▸ RAW DATA

(* Let $\mathcal I\neq\mathrm{Fin}$ be an ideal on $\mathbb N$ for which there exists an infinite set $E\subset\mathbb N$ such that: (I) no infinite subset of $E$ belongs to $\mathcal I$; (II) $\sup\{e_{n+1}-e_n\colon n\in\mathbb N\}<\infty$, where $(e_n)_{n\in\mathbb N}$ is the increasing enumeration of $E$. Then for each normed space $X$ and every divergent series $\sum_n x_n$ in $X$ which is $\mathcal I$-convergent, the set $$A(\mathcal I):=\left\{t \in \{0,1\}^{\mathbb N} \colon \sum_n t(n)x_n \text{ is } \mathcal I\text{-convergent}\right\}$$ satisfies $\lambda(A(\mathcal I))=0$.
   Context: $\mathbb N=\{1,2,\dots\}$; $\mathrm{Fin}$ denotes the ideal of finite subsets of $\mathbb N$. An ideal on $\mathbb N$ is a family $\mathcal I\subset\mathcal P(\mathbb N)$ closed under finite unions and subsets, with $\mathbb N\notin\mathcal I$ and $\mathrm{Fin}\subset\mathcal I$. A sequence $(y_n)$ in a normed space is $\mathcal I$-convergent to $y$ if $\{n:\|y_n-y\|>\varepsilon\}\in\mathcal I$ for every $\varepsilon>0$; a series is $\mathcal I$-convergent if its sequence of partial sums is $\mathcal I$-convergent to some element. $\lambda$ is the product probability measure on $\{0,1\}^{\mathbb N}$ generated by the measure giving mass $1/2$ to each of $0$ and $1$. Normed spaces are over $\mathbb R$. *)

theory Defs
  imports "HOL-Probability.Probability"
begin

text \<open>Ideals on the index set (natural numbers, 0-based reindexing of {1,2,...}).\<close>
definition is_ideal :: "nat set set \<Rightarrow> bool" where
  "is_ideal I \<longleftrightarrow>
     (\<forall>A\<in>I. \<forall>B\<in>I. A \<union> B \<in> I) \<and>
     (\<forall>A\<in>I. \<forall>B. B \<subseteq> A \<longrightarrow> B \<in> I) \<and>
     UNIV \<notin> I \<and>
     {A. finite A} \<subseteq> I"

definition Fin_ideal :: "nat set set" where
  "Fin_ideal = {A. finite A}"

definition I_convergent_to :: "nat set set \<Rightarrow> (nat \<Rightarrow> 'a::real_normed_vector) \<Rightarrow> 'a \<Rightarrow> bool" where
  "I_convergent_to I y L \<longleftrightarrow> (\<forall>\<epsilon>>0. {n. norm (y n - L) > \<epsilon>} \<in> I)"

definition I_convergent :: "nat set set \<Rightarrow> (nat \<Rightarrow> 'a::real_normed_vector) \<Rightarrow> bool" where
  "I_convergent I y \<longleftrightarrow> (\<exists>L. I_convergent_to I y L)"

definition partial_sums :: "(nat \<Rightarrow> 'a::real_normed_vector) \<Rightarrow> nat \<Rightarrow> 'a" where
  "partial_sums x n = (\<Sum>i\<le>n. x i)"

definition series_I_convergent :: "nat set set \<Rightarrow> (nat \<Rightarrow> 'a::real_normed_vector) \<Rightarrow> bool" where
  "series_I_convergent I x \<longleftrightarrow> I_convergent I (partial_sums x)"

text \<open>The Cantor measure lambda on {0,1}^N (0/1 encoded as False/True).\<close>
definition cantor_measure :: "(nat \<Rightarrow> bool) measure" where
  "cantor_measure = PiM UNIV (\<lambda>_. measure_pmf (bernoulli_pmf (1/2)))"

definition A_set :: "nat set set \<Rightarrow> (nat \<Rightarrow> 'a::real_normed_vector) \<Rightarrow> (nat \<Rightarrow> bool) set" where
  "A_set I x = {t. series_I_convergent I (\<lambda>n. (if t n then 1 else 0) *\<^sub>R x n)}"

end

theory Submission
  imports Defs
begin

text \<open>Fix an index set \<open>E\<close> as in the hypothesis. \<open>\<I>\<close>-convergence of the partial sums forces
  ordinary convergence along \<open>E\<close>; since the gaps of \<open>E\<close> are bounded, the divergent series
  cannot have \<open>x\<^sub>n \<rightarrow> 0\<close>, so infinitely many terms have norm at least some \<open>\<delta> > 0\<close>.
  Choose infinitely many pairwise disjoint blocks \<open>(a\<^sub>j, b\<^sub>j]\<close> with endpoints in \<open>E\<close>, each
  containing an index \<open>g\<^sub>j\<close> with \<open>\<parallel>x\<^sub>g\<^sub>j\<parallel> \<ge> \<delta>\<close>. For \<open>t \<in> A(\<I>)\<close> the selected block sums
  \<open>\<Sum>\<^bsub>n\<in>(a\<^sub>j,b\<^sub>j]\<^esub> t(n) x\<^sub>n\<close> tend to \<open>0\<close>. But flipping the coordinate \<open>t(g\<^sub>j)\<close> is measure
  preserving and changes the \<open>j\<close>-th block sum by \<open>\<pm>x\<^sub>g\<^sub>j\<close>, leaving the other blocks alone,
  so each block sum is below \<open>\<delta>/2\<close> with conditional probability at most \<open>1/2\<close>; hence
  the block sums are eventually below \<open>\<delta>/2\<close> only on a null set.\<close>

lemma space_cantor_measure [simp]: "space cantor_measure = UNIV"
  by (simp add: cantor_measure_def space_PiM)

lemma prob_space_cantor_measure: "prob_space cantor_measure"
  unfolding cantor_measure_def by (rule prob_space_PiM) (simp add: prob_space_measure_pmf)

lemma measurable_cantor_coordinate:
  "(\<lambda>t. t k) \<in> measurable cantor_measure (count_space UNIV)"
  unfolding cantor_measure_def
  using measurable_component_singleton[of k UNIV "\<lambda>_. measure_pmf (bernoulli_pmf (1/2))"]
  by (simp add: measurable_pmf_measure2)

▸ TASK DESCRIPTION
All lines with the word "lemma" must be located in the data and copied.

▸ OUTPUT OF THE TASK
lemma space_cantor_measure [simp]: "space cantor_measure = UNIV"
lemma prob_space_cantor_measure: "prob_space cantor_measure"
lemma measurable_cantor_coordinate:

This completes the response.